▶ What you need to do
The expected answer is the complete listing, reproduced character for character.

START Records shown

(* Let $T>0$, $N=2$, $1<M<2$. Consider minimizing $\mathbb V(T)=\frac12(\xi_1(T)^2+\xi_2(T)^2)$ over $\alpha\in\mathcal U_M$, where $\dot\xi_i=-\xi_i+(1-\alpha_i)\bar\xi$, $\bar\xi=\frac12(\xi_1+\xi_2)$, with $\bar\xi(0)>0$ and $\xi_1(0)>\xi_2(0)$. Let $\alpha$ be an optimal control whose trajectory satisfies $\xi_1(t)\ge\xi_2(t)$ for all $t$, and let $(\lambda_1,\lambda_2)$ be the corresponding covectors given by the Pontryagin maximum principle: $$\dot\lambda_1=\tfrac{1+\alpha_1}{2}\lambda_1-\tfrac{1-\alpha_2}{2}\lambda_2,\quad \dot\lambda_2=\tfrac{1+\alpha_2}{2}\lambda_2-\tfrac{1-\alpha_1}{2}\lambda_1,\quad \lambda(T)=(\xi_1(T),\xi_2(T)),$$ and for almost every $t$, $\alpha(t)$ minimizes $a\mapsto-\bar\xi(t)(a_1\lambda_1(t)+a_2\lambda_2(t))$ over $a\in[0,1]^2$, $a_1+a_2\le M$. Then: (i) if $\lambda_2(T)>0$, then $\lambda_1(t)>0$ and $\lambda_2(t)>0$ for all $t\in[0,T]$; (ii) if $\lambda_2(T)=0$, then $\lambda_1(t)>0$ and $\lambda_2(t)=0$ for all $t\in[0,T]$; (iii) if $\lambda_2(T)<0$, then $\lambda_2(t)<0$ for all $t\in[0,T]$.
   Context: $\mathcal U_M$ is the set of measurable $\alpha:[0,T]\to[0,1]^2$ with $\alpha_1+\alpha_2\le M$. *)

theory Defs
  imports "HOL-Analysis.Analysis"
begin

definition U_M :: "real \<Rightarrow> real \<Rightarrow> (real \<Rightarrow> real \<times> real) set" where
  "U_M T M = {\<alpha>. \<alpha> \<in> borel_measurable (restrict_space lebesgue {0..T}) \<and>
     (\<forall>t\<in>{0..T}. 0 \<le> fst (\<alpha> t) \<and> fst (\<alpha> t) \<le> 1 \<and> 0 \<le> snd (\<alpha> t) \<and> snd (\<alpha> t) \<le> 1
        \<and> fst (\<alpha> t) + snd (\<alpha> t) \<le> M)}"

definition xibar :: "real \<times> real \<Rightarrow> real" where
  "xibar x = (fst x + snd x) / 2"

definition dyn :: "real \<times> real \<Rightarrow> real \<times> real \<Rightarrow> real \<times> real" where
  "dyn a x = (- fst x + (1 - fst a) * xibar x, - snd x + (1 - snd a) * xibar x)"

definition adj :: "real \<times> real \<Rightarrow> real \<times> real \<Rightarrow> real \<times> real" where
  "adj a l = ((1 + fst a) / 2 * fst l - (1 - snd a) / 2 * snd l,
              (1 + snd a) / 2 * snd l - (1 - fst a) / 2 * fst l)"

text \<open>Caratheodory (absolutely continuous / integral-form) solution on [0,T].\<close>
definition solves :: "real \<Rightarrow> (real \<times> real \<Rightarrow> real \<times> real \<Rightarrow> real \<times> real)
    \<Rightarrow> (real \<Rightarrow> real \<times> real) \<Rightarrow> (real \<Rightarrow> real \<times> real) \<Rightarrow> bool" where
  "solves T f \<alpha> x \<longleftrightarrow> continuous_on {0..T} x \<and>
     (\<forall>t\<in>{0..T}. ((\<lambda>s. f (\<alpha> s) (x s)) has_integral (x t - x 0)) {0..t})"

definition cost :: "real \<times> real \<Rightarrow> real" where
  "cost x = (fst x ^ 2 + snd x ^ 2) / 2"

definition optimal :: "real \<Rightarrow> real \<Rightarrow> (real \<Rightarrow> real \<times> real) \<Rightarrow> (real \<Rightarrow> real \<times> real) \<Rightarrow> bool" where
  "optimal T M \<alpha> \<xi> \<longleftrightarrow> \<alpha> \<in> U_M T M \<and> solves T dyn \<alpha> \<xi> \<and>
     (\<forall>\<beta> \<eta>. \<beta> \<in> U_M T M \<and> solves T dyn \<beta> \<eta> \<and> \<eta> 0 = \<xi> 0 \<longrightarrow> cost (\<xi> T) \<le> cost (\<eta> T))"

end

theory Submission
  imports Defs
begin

END Records shown

▶ Written solution
(* Let $T>0$, $N=2$, $1<M<2$. Consider minimizing $\mathbb V(T)=\frac12(\xi_1(T)^2+\xi_2(T)^2)$ over $\alpha\in\mathcal U_M$, where $\dot\xi_i=-\xi_i+(1-\alpha_i)\bar\xi$, $\bar\xi=\frac12(\xi_1+\xi_2)$, with $\bar\xi(0)>0$ and $\xi_1(0)>\xi_2(0)$. Let $\alpha$ be an optimal control whose trajectory satisfies $\xi_1(t)\ge\xi_2(t)$ for all $t$, and let $(\lambda_1,\lambda_2)$ be the corresponding covectors given by the Pontryagin maximum principle: $$\dot\lambda_1=\tfrac{1+\alpha_1}{2}\lambda_1-\tfrac{1-\alpha_2}{2}\lambda_2,\quad \dot\lambda_2=\tfrac{1+\alpha_2}{2}\lambda_2-\tfrac{1-\alpha_1}{2}\lambda_1,\quad \lambda(T)=(\xi_1(T),\xi_2(T)),$$ and for almost every $t$, $\alpha(t)$ minimizes $a\mapsto-\bar\xi(t)(a_1\lambda_1(t)+a_2\lambda_2(t))$ over $a\in[0,1]^2$, $a_1+a_2\le M$. Then: (i) if $\lambda_2(T)>0$, then $\lambda_1(t)>0$ and $\lambda_2(t)>0$ for all $t\in[0,T]$; (ii) if $\lambda_2(T)=0$, then $\lambda_1(t)>0$ and $\lambda_2(t)=0$ for all $t\in[0,T]$; (iii) if $\lambda_2(T)<0$, then $\lambda_2(t)<0$ for all $t\in[0,T]$.
   Context: $\mathcal U_M$ is the set of measurable $\alpha:[0,T]\to[0,1]^2$ with $\alpha_1+\alpha_2\le M$. *)

theory Defs
  imports "HOL-Analysis.Analysis"
begin

definition U_M :: "real \<Rightarrow> real \<Rightarrow> (real \<Rightarrow> real \<times> real) set" where
  "U_M T M = {\<alpha>. \<alpha> \<in> borel_measurable (restrict_space lebesgue {0..T}) \<and>
     (\<forall>t\<in>{0..T}. 0 \<le> fst (\<alpha> t) \<and> fst (\<alpha> t) \<le> 1 \<and> 0 \<le> snd (\<alpha> t) \<and> snd (\<alpha> t) \<le> 1
        \<and> fst (\<alpha> t) + snd (\<alpha> t) \<le> M)}"

definition xibar :: "real \<times> real \<Rightarrow> real" where
  "xibar x = (fst x + snd x) / 2"

definition dyn :: "real \<times> real \<Rightarrow> real \<times> real \<Rightarrow> real \<times> real" where
  "dyn a x = (- fst x + (1 - fst a) * xibar x, - snd x + (1 - snd a) * xibar x)"

definition adj :: "real \<times> real \<Rightarrow> real \<times> real \<Rightarrow> real \<times> real" where
  "adj a l = ((1 + fst a) / 2 * fst l - (1 - snd a) / 2 * snd l,
              (1 + snd a) / 2 * snd l - (1 - fst a) / 2 * fst l)"

text \<open>Caratheodory (absolutely continuous / integral-form) solution on [0,T].\<close>
definition solves :: "real \<Rightarrow> (real \<times> real \<Rightarrow> real \<times> real \<Rightarrow> real \<times> real)
    \<Rightarrow> (real \<Rightarrow> real \<times> real) \<Rightarrow> (real \<Rightarrow> real \<times> real) \<Rightarrow> bool" where
  "solves T f \<alpha> x \<longleftrightarrow> continuous_on {0..T} x \<and>
     (\<forall>t\<in>{0..T}. ((\<lambda>s. f (\<alpha> s) (x s)) has_integral (x t - x 0)) {0..t})"

definition cost :: "real \<times> real \<Rightarrow> real" where
  "cost x = (fst x ^ 2 + snd x ^ 2) / 2"

definition optimal :: "real \<Rightarrow> real \<Rightarrow> (real \<Rightarrow> real \<times> real) \<Rightarrow> (real \<Rightarrow> real \<times> real) \<Rightarrow> bool" where
  "optimal T M \<alpha> \<xi> \<longleftrightarrow> \<alpha> \<in> U_M T M \<and> solves T dyn \<alpha> \<xi> \<and>
     (\<forall>\<beta> \<eta>. \<beta> \<in> U_M T M \<and> solves T dyn \<beta> \<eta> \<and> \<eta> 0 = \<xi> 0 \<longrightarrow> cost (\<xi> T) \<le> cost (\<eta> T))"

end

theory Submission
  imports Defs
begin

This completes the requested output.